Note that TextGradOptimizer does not change the workflow structure but saving the workflow graph also saves the prompts and system prompts which will be different after optimization. Below is an example of a saved workflow graph after optimization using TextGradOptimizer.

{
    "class_name": "SequentialWorkFlowGraph",
    "goal": "Answer the math question. The answer should be in box format, e.g., \\boxed{123}",
    "tasks": [
        {
            "name": "answer_generate",
            "description": "Answer generation for Math.",
            "inputs": [
                {
                    "name": "problem",
                    "type": "str",
                    "description": "The problem to solve.",
                    "required": true
                }
            ],
            "outputs": [
                {
                    "name": "answer",
                    "type": "str",
                    "description": "The generated answer.",
                    "required": true
                }
            ],
            "prompt": "To solve the math problem, follow these steps:\n\n1. **Contextual Overview**: Begin with a brief overview of the problem-solving strategy, using logical reasoning and mathematical principles to derive the solution.
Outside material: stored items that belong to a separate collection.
lemma E1_add_on_line:
  assumes "y1^2 = E1_cubic x1" "y2^2 = E1_cubic x2"
    and "E1_add (Some (x1, y1)) (Some (x2, y2)) = Some (x3, y3)"
  obtains l m where "y1 = l * x1 + m" "y2 = l * x2 + m" "y3 = - (l * x3 + m)"
    "x3 = l^2 - 8 - x1 - x2" "12 - 2 * l * m = x1 * x2 + x1 * x3 + x2 * x3"
proof (cases "x1 = x2")
  case False
  define l where "l = (y2 - y1) / (x2 - x1)"
  define m where "m = y1 - l * x1"
  have "l * (x2 - x1) = y2 - y1" using False unfolding l_def by simp
  hence y2: "y2 = l * x2 + m" unfolding m_def by (simp add: algebra_simps)
  have x3: "x3 = l^2 - 8 - x1 - x2" and "y3 = l * (x1 - x3) - y1"
    using assms(3) E1_add_chord[OF False l_def refl] by auto
  hence "y3 = - (l * x3 + m)" unfolding m_def by (simp add: algebra_simps)
  moreover have "12 - 2 * l * m = x1 * x2 + x1 * x3 + x2 * x3"
    using assms(1,2) y2 by (intro chord_coefficient False x3) (simp_all add: m_def)
  ultimately show ?thesis using that[of l m] y2 x3 unfolding m_def by simp
next
  case True
  have "y2 \<noteq> - y1" using assms(3) True by (auto simp: E1_add_def)
  hence y2: "y2 = y1" and y1: "y1 \<noteq> 0" using E1_same_x_imp assms(1,2) True by fastforce+
  define l where "l = E1_cubic_deriv x1 / (2 * y1)"
  define m where "m = y1 - l * x1"
  have x3: "x3 = l^2 - 8 - x1 - x1" and "y3 = l * (x1 - x3) - y1"
    using assms(3) E1_add_tangent[OF y1 l_def refl] True y2 by auto
  hence "y3 = - (l * x3 + m)" unfolding m_def by (simp add: algebra_simps)
  moreover have "12 - 2 * l * m = x1 * x1 + x1 * x3 + x1 * x3"
    using y1 tangent_coefficient_iff[OF x3, of m] by (simp add: l_def m_def)
  ultimately show ?thesis using that[of l m] x3 True y2 unfolding m_def by simp
qed

lemma E1_add_third_point:
  assumes "y1^2 = E1_cubic x1" "y2^2 = E1_cubic x2"
    and "E1_add (Some (x1, y1)) (Some (x2, y2)) = Some (x3, y3)"
  obtains l m where "y3 = - (l * x3 + m)"
    "\<And>X. E1_cubic X - (l * X + m)^2 = (X - x1) * (X - x2) * (X - x3)"
proof -
  obtain l m where lm: "y1 = l * x1 + m" "y3 = - (l * x3 + m)"
      "x3 = l^2 - 8 - x1 - x2" "12 - 2 * l * m = x1 * x2 + x1 * x3 + x2 * x3"
    using E1_add_on_line[OF assms] by metis
  show ?thesis using that[of l m] line_meets_E1[OF _ lm(3,4)] lm(1,2) assms(1) by auto
qed

lemma E1_add_in_E1_points:
  assumes "A \<in> E1_points" "B \<in> E1_points" shows "E1_add A B \<in> E1_points"
proof (cases "A = None \<or> B = None \<or> E1_add A B = None")
  case False
  then obtain x1 y1 x2 y2 x3 y3 where A: "A = Some (x1, y1)" and B: "B = Some (x2, y2)"
      and sum: "E1_add (Some (x1, y1)) (Some (x2, y2)) = Some (x3, y3)"
    by (metis option.exhaust surj_pair)
  have on: "y1^2 = E1_cubic x1" "y2^2 = E1_cubic x2" using assms A B by auto
  obtain l m where "y3 = - (l * x3 + m)"
      "\<And>X. E1_cubic X - (l * X + m)^2 = (X - x1) * (X - x2) * (X - x3)"
    using E1_add_third_point[OF on sum] by metis
  hence "y3^2 = E1_cubic x3" by (metis diff_self eq_iff_diff_eq_0 mult_zero_right power2_minus)
  thus ?thesis using A B sum by simp
qed (use assms in auto)

lemma E1_add_neg_cancel_affine:
  assumes "c2^2 = E1_cubic c1" "a2^2 = E1_cubic a1"
    and "E1_add (Some (c1, c2)) (Some (a1, a2)) = Some (x3, y3)"
  shows "E1_add (Some (c1, - c2)) (Some (x3, y3)) = Some (a1, a2)"
proof -
  obtain l m where lm: "c2 = l * c1 + m" "a2 = l * a1 + m" "y3 = - (l * x3 + m)"
      "x3 = l^2 - 8 - c1 - a1" "12 - 2 * l * m = c1 * a1 + c1 * x3 + a1 * x3"
    using E1_add_on_line[OF assms] by metis
  show ?thesis
  proof (cases "c1 = x3")
    case False
    have "- l = (y3 - - c2) / (x3 - c1)" using False lm(1,3) by (simp add: field_simps)
    moreover have "a1 = (- l)^2 - 8 - c1 - x3" using lm(4) by simp
    ultimately have "E1_add (Some (c1, - c2)) (Some (x3, y3)) = Some (a1, - l * (c1 - a1) - - c2)"
      by (rule E1_add_chord[OF False])
    thus ?thesis using lm(1,2) by (simp add: algebra_simps)
  next
    case True
    have a1: "a1 = l^2 - 8 - c1 - c1" using lm(4) True by simp
    have "12 - 2 * l * m = c1 * c1 + c1 * a1 + c1 * a1" using lm(5) True by (simp add: algebra_simps)
    hence deriv: "E1_cubic_deriv c1 = 2 * l * c2"
      using tangent_coefficient_iff[OF a1, of m] lm(1) by simp
    have c2: "- c2 \<noteq> 0"
    proof
      assume "- c2 = 0"
      hence "E1_cubic c1 = 0" "E1_cubic_deriv c1 = 0" using assms(1) deriv by simp_all
      thus False using E1_cubic_deriv_nonzero_at_root by blast
    qed
    have "- l = E1_cubic_deriv c1 / (2 * - c2)" using deriv c2 by (simp add: field_simps)
    moreover have "a1 = (- l)^2 - 8 - c1 - c1" using a1 by simp
    ultimately have "E1_add (Some (c1, - c2)) (Some (c1, - c2)) = Some (a1, - l * (c1 - a1) - - c2)"
      by (rule E1_add_tangent[OF c2])
    moreover have "Some (x3, y3) = Some (c1, - c2)" using lm(1,3) True by simp
    ultimately have "E1_add (Some (c1, - c2)) (Some (x3, y3)) = Some (a1, - l * (c1 - a1) - - c2)"
      by simp
    thus ?thesis using lm(1,2) by (simp add: algebra_simps)
  qed
qed

lemma E1_add_neg_cancel:
  assumes "C \<in> E1_points" "A \<in> E1_points"
  shows "E1_add (E1_neg C) (E1_add C A) = A"
proof (cases "C = None \<or> A = None \<or> E1_add C A = None")
  case False
  then obtain c1 c2 a1 a2 x3 y3 where C: "C = Some (c1, c2)" and A: "A = Some (a1, a2)"
      and sum: "E1_add (Some (c1, c2)) (Some (a1, a2)) = Some (x3, y3)"
    by (metis option.exhaust surj_pair)
  show ?thesis using E1_add_neg_cancel_affine[OF _ _ sum] assms C A sum by simp
next
  case True
  thus ?thesis by (cases C; cases A) (auto simp: E1_add_def Let_def split: if_splits)
qed

section \<open>Descent classes of multiples of \<open>P\<close>\<close>

text \<open>The 2-descent map \<open>x \<mapsto> (x, x + 2, x + 6)\<close> modulo squares; only its additivity
  \<open>sq_class_add\<close> is used.\<close>

definition sq_class :: "rat \<Rightarrow> rat \<Rightarrow> rat \<Rightarrow> rat \<Rightarrow> bool" where
  "sq_class c0 c2 c6 x \<longleftrightarrow> (\<exists>s. x = c0 * s^2) \<and> (\<exists>s. x + 2 = c2 * s^2) \<and> (\<exists>s. x + 6 = c6 * s^2)"
(* Let $n$ be a positive integer and $N = n^2+n+1$. The equation $a^2+ab+b^2 = N$ has a solution in positive integers $(a,b)$ with $(a,b) \notin \{(n,1),(1,n)\}$ if and only if $N$ has at least two prime factors, counted with multiplicity, congruent to $1 \pmod 3$.
   Context: "Counted with multiplicity" means: if $N=\prod p^{e_p}$, the number of such factors is $\sum_{p\equiv 1 \ (\mathrm{mod}\ 3)} e_p$. *)

theory Defs
  imports "HOL-Computational_Algebra.Primes"
begin

definition count_1mod3_factors :: "nat \<Rightarrow> nat" where
  "count_1mod3_factors N = (\<Sum>p\<in>{p\<in>prime_factors N. p mod 3 = 1}. multiplicity p N)"

end

theory Submission
  imports Defs "HOL-Number_Theory.Number_Theory"
begin

(* Write N = n^2 + n + 1 and read a^2 + ab + b^2 as the norm of a - b\<omega>, \<omega>^2 + \<omega> + 1 = 0.
   Prime factors of N other than 3 are 1 mod 3, and 9 does not divide N.

   If N has at most one prime factor 1 mod 3, then N = p or N = 3p with p prime. For a
   solution (a, b), the integers X = a - bn and Y = an - b satisfy XY = N(n - ab) and
   |X|, |Y| < N, and 3 divides both when it divides N; so N divides X or Y, and
   X = 0 or Y = 0 means (a, b) = (n, 1) or (1, n).

   Conversely, descent turns a root t of t^2 + t + 1 modulo m into a representation
   m = x^2 + xy + y^2 with x \<equiv> ty (mod m), positive after a unit rotation when m is not a
   square. If p^2 divides N, scale a representation of N/p^2 by p. Otherwise take primes
   p \<noteq> q dividing N and a root t \<equiv> n (mod p), t \<equiv> -1 - n (mod N/p): the trivial solutions
   belong to the roots n and -1 - n = 1/n modulo N, which are excluded modulo q and modulo p,
   because n and -1 - n are distinct modulo every prime factor of N except 3. *)

section \<open>Representations by the norm form of the Eisenstein integers\<close>

lemma rotation_into_sector:
  fixes x y :: int
  assumes "P x y" and rotate: "\<And>x y. P x y \<Longrightarrow> P (-y) (x + y)" and "(x, y) \<noteq> (0, 0)"
  shows "\<exists>u v. P u v \<and> u > 0 \<and> v \<ge> 0"
proof -
  have P1: "P (-y) (x + y)" using rotate[OF \<open>P x y\<close>] .
  have P2: "P (-x - y) x" using rotate[OF P1] by simp
  have P3: "P (-x) (-y)" using rotate[OF P2] by simp
  have P4: "P y (-x - y)" using rotate[OF P3] by simp
  have P5: "P (x + y) (-x)" using rotate[OF P4] by (simp add: add.commute)
  consider "x > 0" "y \<ge> 0" | "y < 0" "x + y \<ge> 0" | "x + y < 0" "x \<ge> 0"
    | "x < 0" "y \<le> 0" | "y > 0" "x + y \<le> 0" | "x + y > 0" "x \<le> 0"
    using \<open>(x, y) \<noteq> (0, 0)\<close> by (simp only: prod.inject de_Morgan_conj) arith
  then show ?thesis
    by cases (use \<open>P x y\<close> P1 P2 P3 P4 P5 in force)+
qed

(* Multiplication of x - y\<omega> by the unit -\<omega>. *)
lemma eisenstein_norm_rotate: "(-y)^2 + (-y) * (x + y) + (x + y)^2 = x^2 + x * y + (y::int)^2"
  by (simp add: algebra_simps power2_eq_square)

lemma cong_eisenstein_rotate:
  fixes m t x y :: int
  assumes "m dvd t^2 + t + 1" and "[x = t * y] (mod m)"
  shows "[-y = t * (x + y)] (mod m)"
proof -
  have "-y - t * (x + y) = (-t) * (x - t * y) - y * (t^2 + t + 1)"
    by (simp add: algebra_simps power2_eq_square)
  then show ?thesis using assms by (simp add: cong_iff_dvd_diff)
qed
section \<open>The lifted system over a window of length l\<close>

(* window q w s i stacks the q-vectors w s, ..., w (s + i - 1) into a single vector. *)
definition window :: "nat \<Rightarrow> (nat \<Rightarrow> 'a vec) \<Rightarrow> nat \<Rightarrow> nat \<Rightarrow> 'a vec" where
  "window q w s i = vec (q * i) (\<lambda>r. w (s + r div q) $ (r mod q))"

lemma window_carrier [simp]: "window q w s i \<in> carrier_vec (q * i)"
  and dim_window [simp]: "dim_vec (window q w s i) = q * i"
  by (simp_all add: window_def)

lemma div_mod_last_block:
  fixes q i r :: nat
  assumes "q * i \<le> r" "r < q * i + q"
  shows "r div q = i" "r mod q = r - q * i"
proof -
  show "r div q = i" using assms by (intro div_nat_eqI) (auto simp: algebra_simps)
  then show "r mod q = r - q * i" by (metis minus_div_mult_eq_mod mult.commute)
qed

lemma window_Suc:
  assumes "w (s + i) \<in> carrier_vec q"
  shows "window q w s (Suc i) = window q w s i @\<^sub>v w (s + i)"
proof (rule eq_vecI)
  fix r assume "r < dim_vec (window q w s i @\<^sub>v w (s + i))"
  then have r: "r < q * i + q" using assms by simp
  show "window q w s (Suc i) $ r = (window q w s i @\<^sub>v w (s + i)) $ r"
  proof (cases "r < q * i")
    case False
    then show ?thesis
      using r assms div_mod_last_block[of q i r] by (simp add: window_def)
  qed (use r in \<open>simp add: window_def\<close>)
qed (use assms in simp)

lemma dim_reach_mat [simp]:
  "dim_row (reach_mat m A B i) = dim_row A" "dim_col (reach_mat m A B i) = m * i"
  and dim_obs_mat [simp]:
  "dim_row (obs_mat p A C i) = p * i" "dim_col (obs_mat p A C i) = dim_col A"
  and dim_toep_mat [simp]:
  "dim_row (toep_mat p m A B C i) = p * i" "dim_col (toep_mat p m A B C i) = m * i"
  by (simp_all add: reach_mat_def obs_mat_def toep_mat_def)

lemma reach_mat_carrier [simp]: "A \<in> carrier_mat n n \<Longrightarrow> reach_mat m A B i \<in> carrier_mat n (m * i)"
  and obs_mat_carrier [simp]: "A \<in> carrier_mat n n \<Longrightarrow> obs_mat p A C i \<in> carrier_mat (p * i) n"
  and toep_mat_carrier [simp]: "toep_mat p m A B C i \<in> carrier_mat (p * i) (m * i)"
  by (intro carrier_matI; simp add: carrier_matD)+

lemma reach_mat_index:
  "a < dim_row A \<Longrightarrow> c < m * i \<Longrightarrow>
    reach_mat m A B i $$ (a, c) = (A ^\<^sub>m (i - 1 - c div m) * B) $$ (a, c mod m)"
  by (simp add: reach_mat_def del: index_mult_mat)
Include any relevant geometric or algebraic insights.\n\n2. **Key Steps Identification**: Break down the problem-solving process into distinct parts:\n   - Identify the relevant mathematical operations and properties, such as symmetry, roots of unity, or trigonometric identities.\n   - Perform the necessary calculations, ensuring each step logically follows from the previous one.\n   - Present the final answer.\n\n3. **Conciseness and Clarity**: Provide a clear and concise explanation of your solution, avoiding unnecessary repetition. Use consistent formatting and notation throughout.\n\n4. **Mathematical Justification**: Explain the reasoning behind each step to ensure the solution is well-justified. Include explanations of reference angles, geometric interpretations, and any special conditions or edge cases.\n\n5. **Verification Step**: Include a quick verification step to confirm the accuracy of your calculations. Consider recalculating key values if initial assumptions were incorrect.\n\n6. **Visual Aids**: Where applicable, include diagrams or sketches to visually represent the problem and solution, enhancing understanding.\n\n7. **Final Answer Presentation**: Present the final answer clearly and ensure it is boxed, reflecting the correct solution. Verify that it aligns with the problem's requirements and any known correct solutions.\n\nProblem: <input>{problem}</input>",
            "system_prompt": "You are a math-focused assistant dedicated to providing clear, concise, and educational solutions to mathematical problems. Your goal is to deliver structured and pedagogically sound explanations, ensuring mathematical accuracy and logical reasoning. Begin with a brief overview of the problem-solving approach, followed by detailed calculations, and conclude with a verification step. Use precise mathematical notation and consider potential edge cases. Present the final answer clearly, using the specified format, and incorporate visual aids or analogies where appropriate to enhance understanding and engagement. \n\nExplicitly include geometric explanations when applicable, describing the geometric context and relationships. Emphasize the importance of visual aids, such as diagrams or sketches, to enhance understanding. Ensure consistency in formatting and mathematical notation. Provide a brief explanation of the reference angle concept and its significance. Include contextual explanations of trigonometric identities and their applications. Critically evaluate initial assumptions and verify geometric properties before proceeding. Highlight the use of symmetry and conjugate pairs in complex numbers. Encourage re-evaluation and verification of steps, ensuring logical flow and clarity. Focus on deriving the correct answer and consider problem-specific strategies or known techniques.",
            "parse_mode": "str",
            "parse_func": null,
            "parse_title": null
        }
    ]
}

For a complete working example, please refer to examples/textgrad/math_textgrad.py. Additional TextGrad optimization scripts for other datasets (e.g., hotpotqa_textgrad.py and mbqq_textgrad.py) are available in the examples/optimization/textgrad directory.